**Extracted information**
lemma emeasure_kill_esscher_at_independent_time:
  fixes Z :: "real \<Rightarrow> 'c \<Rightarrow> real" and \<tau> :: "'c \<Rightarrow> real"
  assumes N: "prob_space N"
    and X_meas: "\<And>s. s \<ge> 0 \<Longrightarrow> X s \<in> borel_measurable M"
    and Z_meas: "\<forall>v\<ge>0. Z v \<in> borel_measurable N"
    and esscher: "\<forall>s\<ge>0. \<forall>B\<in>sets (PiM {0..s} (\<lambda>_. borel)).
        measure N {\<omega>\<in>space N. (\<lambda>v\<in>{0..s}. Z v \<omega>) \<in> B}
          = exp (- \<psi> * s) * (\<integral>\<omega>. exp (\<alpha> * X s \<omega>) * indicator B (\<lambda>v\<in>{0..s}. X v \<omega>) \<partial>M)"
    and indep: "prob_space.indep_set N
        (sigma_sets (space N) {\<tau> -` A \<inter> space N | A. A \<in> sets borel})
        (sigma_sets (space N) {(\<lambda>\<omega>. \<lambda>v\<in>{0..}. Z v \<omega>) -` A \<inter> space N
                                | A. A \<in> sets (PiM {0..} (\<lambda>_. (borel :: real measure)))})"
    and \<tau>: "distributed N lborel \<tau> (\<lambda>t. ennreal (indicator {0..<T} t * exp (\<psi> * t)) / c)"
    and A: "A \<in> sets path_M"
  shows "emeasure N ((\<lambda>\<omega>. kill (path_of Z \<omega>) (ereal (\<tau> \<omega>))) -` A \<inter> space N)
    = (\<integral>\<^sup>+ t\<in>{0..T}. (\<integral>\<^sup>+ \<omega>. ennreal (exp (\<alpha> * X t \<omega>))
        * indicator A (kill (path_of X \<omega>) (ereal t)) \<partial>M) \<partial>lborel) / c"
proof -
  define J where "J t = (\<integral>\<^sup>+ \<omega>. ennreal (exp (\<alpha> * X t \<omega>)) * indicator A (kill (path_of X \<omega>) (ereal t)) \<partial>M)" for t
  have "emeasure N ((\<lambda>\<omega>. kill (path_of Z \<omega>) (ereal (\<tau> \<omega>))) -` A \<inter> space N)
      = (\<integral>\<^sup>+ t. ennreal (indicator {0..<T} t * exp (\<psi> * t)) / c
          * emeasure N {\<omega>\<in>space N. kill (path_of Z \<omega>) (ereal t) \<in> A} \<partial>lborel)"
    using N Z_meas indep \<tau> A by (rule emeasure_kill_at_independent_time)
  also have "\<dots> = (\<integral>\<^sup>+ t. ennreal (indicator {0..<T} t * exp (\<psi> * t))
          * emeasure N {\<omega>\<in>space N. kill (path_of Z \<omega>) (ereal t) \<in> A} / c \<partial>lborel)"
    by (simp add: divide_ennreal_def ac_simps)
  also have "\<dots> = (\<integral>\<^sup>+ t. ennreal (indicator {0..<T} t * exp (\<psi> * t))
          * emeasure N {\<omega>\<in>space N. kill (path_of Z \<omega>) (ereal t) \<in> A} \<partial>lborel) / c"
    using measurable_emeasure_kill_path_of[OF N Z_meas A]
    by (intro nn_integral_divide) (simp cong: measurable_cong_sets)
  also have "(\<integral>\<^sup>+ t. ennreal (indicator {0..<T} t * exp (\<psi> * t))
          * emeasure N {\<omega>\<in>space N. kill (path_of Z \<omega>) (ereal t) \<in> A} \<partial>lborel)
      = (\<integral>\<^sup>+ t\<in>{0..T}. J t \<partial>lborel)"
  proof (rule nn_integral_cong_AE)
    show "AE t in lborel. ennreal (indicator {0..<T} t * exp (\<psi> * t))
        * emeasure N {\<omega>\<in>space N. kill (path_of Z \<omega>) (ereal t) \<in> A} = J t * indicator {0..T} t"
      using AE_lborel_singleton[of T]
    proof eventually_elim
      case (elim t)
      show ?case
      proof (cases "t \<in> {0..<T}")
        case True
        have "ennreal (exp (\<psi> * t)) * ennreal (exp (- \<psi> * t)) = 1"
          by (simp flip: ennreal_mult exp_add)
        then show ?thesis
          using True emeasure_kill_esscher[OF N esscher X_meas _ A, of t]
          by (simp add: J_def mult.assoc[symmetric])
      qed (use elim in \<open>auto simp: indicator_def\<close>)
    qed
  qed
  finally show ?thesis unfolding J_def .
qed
* * *
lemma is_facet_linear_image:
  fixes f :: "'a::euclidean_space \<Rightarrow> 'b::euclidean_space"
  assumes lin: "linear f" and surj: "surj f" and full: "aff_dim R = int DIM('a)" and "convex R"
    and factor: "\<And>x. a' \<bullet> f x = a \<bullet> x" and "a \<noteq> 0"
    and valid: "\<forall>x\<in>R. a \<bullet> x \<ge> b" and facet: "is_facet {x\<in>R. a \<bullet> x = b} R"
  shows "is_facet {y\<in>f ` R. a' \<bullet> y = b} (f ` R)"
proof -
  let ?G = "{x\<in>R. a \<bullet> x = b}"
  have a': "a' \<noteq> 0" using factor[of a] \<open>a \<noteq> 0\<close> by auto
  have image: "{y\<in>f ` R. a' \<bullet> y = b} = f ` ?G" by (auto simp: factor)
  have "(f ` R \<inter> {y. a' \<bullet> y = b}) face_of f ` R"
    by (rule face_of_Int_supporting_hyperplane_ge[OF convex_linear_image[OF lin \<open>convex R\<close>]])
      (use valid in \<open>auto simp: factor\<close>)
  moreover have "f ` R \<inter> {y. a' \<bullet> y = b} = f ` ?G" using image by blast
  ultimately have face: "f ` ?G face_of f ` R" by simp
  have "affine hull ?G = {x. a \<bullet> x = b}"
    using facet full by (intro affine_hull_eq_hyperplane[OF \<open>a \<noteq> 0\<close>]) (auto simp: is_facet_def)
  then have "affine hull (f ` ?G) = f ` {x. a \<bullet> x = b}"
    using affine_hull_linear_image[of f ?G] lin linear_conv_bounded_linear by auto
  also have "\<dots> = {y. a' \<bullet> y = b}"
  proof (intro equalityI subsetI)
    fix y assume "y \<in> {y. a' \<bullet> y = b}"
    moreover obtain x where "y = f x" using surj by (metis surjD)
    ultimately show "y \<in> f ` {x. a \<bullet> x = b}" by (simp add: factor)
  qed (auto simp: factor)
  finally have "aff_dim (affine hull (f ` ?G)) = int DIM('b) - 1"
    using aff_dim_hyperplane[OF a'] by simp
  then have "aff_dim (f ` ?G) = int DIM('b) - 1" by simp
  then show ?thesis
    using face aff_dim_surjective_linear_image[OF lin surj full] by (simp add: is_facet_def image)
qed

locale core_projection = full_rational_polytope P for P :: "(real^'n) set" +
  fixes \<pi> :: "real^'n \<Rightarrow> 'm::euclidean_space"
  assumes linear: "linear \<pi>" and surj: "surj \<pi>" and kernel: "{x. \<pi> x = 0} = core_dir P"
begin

**Work item**
Read through the data above. Report each line that has the word "intro".

**Response area**
    by (intro nn_integral_divide) (simp cong: measurable_cong_sets)
    using facet full by (intro affine_hull_eq_hyperplane[OF \<open>a \<noteq> 0\<close>]) (auto simp: is_facet_def)
  proof (intro equalityI subsetI)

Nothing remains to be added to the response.